■ Exercise objective:
Once you have read the entries, please say how many lines hold the string "metis", giving the number only.

(Records to process begins)

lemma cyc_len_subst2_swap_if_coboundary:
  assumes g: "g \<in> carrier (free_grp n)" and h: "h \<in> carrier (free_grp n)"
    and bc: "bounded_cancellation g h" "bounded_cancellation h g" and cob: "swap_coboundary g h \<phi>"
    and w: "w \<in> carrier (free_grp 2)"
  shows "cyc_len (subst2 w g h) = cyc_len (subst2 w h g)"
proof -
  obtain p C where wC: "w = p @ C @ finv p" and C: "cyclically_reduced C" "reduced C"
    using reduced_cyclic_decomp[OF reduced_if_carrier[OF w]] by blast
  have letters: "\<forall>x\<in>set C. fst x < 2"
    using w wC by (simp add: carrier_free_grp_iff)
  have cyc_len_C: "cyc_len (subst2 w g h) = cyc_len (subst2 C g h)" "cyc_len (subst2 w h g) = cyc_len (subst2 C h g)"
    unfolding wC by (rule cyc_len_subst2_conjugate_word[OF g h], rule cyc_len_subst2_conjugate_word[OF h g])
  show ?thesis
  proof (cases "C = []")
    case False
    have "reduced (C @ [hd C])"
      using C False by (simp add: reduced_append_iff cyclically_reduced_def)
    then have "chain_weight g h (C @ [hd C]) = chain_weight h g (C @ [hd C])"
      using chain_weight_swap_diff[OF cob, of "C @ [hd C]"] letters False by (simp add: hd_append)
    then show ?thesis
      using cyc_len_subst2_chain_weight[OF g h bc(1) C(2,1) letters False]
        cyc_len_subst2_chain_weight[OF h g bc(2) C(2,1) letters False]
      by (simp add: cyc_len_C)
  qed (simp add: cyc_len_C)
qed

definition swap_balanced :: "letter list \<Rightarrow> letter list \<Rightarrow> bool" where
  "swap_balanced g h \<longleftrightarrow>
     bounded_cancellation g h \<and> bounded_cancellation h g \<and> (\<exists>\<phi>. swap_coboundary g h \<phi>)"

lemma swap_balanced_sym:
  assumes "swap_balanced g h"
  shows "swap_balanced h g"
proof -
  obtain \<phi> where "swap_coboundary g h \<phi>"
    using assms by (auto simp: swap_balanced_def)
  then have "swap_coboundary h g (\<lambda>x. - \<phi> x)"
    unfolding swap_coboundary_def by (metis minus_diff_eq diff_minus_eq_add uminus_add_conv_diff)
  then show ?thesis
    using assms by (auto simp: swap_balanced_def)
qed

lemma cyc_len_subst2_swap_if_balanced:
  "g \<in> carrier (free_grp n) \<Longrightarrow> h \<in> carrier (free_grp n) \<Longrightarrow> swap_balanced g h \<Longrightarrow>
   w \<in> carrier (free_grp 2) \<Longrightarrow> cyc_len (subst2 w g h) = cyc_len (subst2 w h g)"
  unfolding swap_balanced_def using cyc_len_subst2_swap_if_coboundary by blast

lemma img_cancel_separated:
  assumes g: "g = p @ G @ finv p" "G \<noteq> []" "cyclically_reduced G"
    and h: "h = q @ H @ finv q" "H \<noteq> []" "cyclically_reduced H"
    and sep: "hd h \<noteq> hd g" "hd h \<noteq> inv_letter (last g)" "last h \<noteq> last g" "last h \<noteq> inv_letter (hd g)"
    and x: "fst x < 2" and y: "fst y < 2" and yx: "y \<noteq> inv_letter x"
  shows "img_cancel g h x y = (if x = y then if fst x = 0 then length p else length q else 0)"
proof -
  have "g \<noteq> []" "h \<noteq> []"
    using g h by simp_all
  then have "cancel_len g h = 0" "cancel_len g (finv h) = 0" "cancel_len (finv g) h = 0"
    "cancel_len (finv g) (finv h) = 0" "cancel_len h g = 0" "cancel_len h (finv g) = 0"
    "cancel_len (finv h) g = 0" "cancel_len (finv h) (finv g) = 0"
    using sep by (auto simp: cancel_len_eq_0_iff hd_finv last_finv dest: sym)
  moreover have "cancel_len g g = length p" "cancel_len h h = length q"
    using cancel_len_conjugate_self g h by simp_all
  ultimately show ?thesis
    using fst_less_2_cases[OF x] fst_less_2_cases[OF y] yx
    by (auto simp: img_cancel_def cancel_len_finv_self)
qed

(Records to process ends)
(Records to process begins)

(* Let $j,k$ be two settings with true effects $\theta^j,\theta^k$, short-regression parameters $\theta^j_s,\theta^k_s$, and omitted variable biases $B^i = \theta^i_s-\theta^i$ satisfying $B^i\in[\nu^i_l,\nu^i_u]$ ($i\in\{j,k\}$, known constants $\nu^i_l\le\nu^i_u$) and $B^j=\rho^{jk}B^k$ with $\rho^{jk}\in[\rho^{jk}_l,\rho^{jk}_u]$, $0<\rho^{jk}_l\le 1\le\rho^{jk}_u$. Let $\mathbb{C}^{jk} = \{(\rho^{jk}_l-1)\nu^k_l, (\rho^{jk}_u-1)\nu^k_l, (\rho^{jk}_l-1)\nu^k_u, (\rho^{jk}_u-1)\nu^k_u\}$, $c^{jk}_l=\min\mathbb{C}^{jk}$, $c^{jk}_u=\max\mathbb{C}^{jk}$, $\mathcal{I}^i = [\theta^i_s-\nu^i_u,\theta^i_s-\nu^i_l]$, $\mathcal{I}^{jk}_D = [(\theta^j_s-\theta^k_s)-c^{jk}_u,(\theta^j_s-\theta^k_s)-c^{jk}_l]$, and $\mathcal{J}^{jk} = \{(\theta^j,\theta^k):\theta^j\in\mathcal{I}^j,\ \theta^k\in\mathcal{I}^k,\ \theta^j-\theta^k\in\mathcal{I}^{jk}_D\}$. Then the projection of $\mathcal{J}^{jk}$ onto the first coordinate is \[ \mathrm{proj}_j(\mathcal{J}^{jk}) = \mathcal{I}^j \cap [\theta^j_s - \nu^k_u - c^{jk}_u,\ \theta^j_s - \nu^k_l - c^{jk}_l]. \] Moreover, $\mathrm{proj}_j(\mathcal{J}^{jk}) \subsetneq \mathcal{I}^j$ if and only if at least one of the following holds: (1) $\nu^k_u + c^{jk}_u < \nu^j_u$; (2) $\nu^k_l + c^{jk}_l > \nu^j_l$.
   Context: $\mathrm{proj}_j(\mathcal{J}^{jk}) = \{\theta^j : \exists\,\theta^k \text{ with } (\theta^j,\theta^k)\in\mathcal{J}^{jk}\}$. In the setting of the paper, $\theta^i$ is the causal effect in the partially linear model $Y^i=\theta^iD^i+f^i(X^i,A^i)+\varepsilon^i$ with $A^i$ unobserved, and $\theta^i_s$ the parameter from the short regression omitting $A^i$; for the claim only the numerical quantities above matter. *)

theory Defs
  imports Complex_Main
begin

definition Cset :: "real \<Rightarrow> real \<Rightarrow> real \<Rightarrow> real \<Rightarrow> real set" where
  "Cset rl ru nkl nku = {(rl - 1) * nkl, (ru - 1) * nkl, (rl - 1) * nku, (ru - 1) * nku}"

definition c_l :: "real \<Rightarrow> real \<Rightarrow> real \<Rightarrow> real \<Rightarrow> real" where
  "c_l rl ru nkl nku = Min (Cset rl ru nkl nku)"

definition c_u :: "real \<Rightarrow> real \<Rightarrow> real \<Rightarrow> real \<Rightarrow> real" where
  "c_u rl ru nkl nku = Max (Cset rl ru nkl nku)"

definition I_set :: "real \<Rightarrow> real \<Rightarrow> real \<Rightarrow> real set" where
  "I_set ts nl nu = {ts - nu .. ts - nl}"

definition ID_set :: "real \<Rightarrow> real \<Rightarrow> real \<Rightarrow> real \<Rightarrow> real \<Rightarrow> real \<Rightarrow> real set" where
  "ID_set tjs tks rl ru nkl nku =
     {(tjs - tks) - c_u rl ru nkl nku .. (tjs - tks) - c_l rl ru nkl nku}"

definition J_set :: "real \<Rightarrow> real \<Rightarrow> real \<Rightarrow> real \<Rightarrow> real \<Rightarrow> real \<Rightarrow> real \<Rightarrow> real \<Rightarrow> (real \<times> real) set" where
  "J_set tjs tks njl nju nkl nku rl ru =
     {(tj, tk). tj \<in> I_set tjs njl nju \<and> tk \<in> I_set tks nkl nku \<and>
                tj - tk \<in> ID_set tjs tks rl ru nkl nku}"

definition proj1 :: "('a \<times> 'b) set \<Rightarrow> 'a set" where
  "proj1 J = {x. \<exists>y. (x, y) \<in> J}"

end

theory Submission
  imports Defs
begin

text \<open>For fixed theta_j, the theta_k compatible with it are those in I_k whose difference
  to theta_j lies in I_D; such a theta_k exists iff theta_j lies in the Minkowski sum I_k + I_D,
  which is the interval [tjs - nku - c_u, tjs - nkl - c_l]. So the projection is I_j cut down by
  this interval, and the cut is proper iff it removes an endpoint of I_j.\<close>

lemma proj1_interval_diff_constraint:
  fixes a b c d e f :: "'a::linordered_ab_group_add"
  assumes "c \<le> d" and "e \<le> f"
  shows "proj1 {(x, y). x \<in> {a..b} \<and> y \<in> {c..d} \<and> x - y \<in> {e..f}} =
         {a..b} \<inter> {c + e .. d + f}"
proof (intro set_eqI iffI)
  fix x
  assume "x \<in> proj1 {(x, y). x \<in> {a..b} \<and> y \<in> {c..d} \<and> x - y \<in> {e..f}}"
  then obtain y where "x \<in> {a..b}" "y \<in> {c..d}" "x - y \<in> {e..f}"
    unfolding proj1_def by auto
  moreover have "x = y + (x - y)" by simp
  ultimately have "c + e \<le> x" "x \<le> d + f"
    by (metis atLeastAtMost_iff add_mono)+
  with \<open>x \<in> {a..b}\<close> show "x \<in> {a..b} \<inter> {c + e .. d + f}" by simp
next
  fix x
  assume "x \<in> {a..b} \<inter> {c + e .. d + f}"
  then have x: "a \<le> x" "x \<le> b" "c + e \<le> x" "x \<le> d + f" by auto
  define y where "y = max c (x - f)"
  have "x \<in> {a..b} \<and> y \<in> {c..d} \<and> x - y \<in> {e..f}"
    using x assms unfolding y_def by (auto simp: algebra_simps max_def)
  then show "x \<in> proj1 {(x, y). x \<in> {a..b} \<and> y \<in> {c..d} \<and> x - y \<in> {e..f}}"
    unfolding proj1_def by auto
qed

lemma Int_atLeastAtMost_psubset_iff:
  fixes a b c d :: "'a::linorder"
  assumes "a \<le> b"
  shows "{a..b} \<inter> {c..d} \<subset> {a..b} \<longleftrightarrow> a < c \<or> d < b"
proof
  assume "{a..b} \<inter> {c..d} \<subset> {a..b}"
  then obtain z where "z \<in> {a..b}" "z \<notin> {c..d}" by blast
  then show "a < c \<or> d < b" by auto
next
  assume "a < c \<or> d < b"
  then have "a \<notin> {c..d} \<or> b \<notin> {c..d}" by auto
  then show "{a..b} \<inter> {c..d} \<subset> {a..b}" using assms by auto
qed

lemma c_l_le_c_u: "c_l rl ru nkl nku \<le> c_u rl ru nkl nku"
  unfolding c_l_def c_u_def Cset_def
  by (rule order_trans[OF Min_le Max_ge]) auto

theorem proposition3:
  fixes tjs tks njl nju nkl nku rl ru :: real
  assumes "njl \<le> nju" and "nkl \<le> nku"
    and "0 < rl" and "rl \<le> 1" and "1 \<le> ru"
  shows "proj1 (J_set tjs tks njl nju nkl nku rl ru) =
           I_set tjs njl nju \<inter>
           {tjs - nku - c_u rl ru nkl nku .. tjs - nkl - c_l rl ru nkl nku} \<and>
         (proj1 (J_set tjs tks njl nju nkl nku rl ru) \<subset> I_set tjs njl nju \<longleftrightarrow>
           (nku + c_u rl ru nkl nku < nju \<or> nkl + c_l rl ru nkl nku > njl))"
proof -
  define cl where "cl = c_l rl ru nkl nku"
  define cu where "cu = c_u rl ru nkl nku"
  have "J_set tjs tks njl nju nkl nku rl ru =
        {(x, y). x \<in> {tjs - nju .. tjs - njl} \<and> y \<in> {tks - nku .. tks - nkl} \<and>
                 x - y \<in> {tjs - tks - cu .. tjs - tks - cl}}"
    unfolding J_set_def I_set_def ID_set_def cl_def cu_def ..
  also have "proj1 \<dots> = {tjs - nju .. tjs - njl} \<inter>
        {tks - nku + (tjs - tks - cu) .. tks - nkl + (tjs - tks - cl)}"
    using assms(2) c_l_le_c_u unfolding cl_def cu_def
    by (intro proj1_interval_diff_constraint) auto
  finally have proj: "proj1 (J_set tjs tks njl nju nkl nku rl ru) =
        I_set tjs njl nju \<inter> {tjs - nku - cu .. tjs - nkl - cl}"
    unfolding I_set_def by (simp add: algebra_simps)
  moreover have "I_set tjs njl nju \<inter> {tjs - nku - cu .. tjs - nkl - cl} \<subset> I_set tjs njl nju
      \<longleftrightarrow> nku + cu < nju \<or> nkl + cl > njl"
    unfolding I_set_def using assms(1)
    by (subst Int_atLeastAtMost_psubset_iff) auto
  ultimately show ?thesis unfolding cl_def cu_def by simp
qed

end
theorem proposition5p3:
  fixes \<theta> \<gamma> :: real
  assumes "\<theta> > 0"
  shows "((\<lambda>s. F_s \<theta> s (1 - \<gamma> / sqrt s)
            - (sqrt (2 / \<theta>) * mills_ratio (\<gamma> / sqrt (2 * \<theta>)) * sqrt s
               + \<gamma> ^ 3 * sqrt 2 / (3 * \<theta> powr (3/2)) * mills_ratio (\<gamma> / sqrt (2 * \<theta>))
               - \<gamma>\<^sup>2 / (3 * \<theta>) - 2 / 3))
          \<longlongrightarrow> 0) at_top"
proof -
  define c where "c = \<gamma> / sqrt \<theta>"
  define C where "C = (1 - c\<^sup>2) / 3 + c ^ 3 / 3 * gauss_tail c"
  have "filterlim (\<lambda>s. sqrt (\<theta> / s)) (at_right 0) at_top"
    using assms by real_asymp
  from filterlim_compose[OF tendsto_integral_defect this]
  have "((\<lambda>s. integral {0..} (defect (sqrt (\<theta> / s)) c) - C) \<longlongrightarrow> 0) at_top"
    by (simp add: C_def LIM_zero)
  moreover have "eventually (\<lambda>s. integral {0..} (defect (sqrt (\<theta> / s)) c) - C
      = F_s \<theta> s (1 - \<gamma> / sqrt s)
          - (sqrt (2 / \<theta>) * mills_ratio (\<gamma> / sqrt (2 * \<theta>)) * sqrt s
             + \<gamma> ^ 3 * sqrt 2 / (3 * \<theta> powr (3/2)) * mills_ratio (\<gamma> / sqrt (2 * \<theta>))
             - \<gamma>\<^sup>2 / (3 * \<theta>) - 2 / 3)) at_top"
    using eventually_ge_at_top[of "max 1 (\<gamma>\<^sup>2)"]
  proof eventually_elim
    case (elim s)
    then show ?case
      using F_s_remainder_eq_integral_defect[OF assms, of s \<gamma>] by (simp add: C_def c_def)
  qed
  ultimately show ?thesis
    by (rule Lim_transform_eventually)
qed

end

(Records to process ends)
(Records to process begins)

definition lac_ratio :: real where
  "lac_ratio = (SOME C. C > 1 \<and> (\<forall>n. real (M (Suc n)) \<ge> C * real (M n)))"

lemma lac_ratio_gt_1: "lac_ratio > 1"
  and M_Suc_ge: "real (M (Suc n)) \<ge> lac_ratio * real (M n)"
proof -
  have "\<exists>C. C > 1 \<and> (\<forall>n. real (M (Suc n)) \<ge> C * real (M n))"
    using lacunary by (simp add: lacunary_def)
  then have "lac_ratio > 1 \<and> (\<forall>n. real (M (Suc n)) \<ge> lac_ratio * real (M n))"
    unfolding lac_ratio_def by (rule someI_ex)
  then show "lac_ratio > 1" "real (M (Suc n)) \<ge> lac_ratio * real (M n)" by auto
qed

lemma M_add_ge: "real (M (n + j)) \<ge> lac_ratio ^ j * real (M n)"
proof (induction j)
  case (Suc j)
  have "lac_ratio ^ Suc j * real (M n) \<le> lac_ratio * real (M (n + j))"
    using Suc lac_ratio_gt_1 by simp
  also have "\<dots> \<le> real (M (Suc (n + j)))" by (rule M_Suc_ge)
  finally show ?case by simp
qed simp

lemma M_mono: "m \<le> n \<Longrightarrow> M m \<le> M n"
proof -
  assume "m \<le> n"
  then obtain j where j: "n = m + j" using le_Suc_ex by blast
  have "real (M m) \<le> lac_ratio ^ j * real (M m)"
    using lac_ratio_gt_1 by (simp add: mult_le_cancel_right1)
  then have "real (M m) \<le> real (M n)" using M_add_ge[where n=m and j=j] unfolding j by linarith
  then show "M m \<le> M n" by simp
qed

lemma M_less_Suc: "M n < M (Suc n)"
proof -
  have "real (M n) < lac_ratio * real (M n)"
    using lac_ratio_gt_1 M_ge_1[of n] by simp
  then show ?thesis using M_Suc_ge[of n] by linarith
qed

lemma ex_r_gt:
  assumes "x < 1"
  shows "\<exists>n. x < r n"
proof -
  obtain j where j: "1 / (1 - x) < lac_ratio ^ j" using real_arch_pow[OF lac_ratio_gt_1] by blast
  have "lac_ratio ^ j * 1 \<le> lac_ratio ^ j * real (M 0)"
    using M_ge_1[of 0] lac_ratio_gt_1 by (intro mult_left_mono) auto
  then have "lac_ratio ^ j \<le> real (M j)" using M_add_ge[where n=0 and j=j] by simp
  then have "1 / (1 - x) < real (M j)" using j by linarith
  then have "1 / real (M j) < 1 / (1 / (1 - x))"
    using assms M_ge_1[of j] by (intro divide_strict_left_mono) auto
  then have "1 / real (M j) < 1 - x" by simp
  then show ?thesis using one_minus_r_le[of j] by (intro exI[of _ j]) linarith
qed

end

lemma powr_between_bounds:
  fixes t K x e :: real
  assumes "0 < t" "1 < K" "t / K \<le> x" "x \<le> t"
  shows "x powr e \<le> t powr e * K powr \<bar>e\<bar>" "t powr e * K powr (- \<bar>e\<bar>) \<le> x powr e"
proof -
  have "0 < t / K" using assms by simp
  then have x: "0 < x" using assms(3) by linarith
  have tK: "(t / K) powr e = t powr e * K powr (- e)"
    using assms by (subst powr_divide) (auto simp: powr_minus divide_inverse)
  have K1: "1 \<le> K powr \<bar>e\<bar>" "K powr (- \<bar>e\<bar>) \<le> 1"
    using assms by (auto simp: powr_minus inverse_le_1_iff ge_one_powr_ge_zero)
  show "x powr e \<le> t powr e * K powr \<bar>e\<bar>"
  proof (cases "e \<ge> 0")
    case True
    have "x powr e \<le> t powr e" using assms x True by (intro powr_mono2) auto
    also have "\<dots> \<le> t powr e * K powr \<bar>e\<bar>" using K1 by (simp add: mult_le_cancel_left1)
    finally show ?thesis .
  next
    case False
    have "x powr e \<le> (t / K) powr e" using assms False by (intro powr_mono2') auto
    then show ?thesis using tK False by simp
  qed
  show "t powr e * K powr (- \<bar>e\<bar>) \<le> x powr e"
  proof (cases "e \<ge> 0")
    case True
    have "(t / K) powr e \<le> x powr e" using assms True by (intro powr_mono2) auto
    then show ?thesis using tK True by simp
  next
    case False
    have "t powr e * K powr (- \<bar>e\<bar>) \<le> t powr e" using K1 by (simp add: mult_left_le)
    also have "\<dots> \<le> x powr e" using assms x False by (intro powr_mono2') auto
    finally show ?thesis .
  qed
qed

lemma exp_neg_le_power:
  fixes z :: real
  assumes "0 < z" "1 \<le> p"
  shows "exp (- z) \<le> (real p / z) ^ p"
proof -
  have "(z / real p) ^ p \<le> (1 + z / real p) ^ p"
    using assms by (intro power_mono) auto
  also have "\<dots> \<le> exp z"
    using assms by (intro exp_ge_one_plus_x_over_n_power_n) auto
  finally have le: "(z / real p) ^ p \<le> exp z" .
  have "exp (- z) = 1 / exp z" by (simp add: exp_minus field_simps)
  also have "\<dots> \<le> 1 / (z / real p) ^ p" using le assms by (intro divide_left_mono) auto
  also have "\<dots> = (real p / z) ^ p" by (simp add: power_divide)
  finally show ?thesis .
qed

(Records to process ends)

■ Result below:
2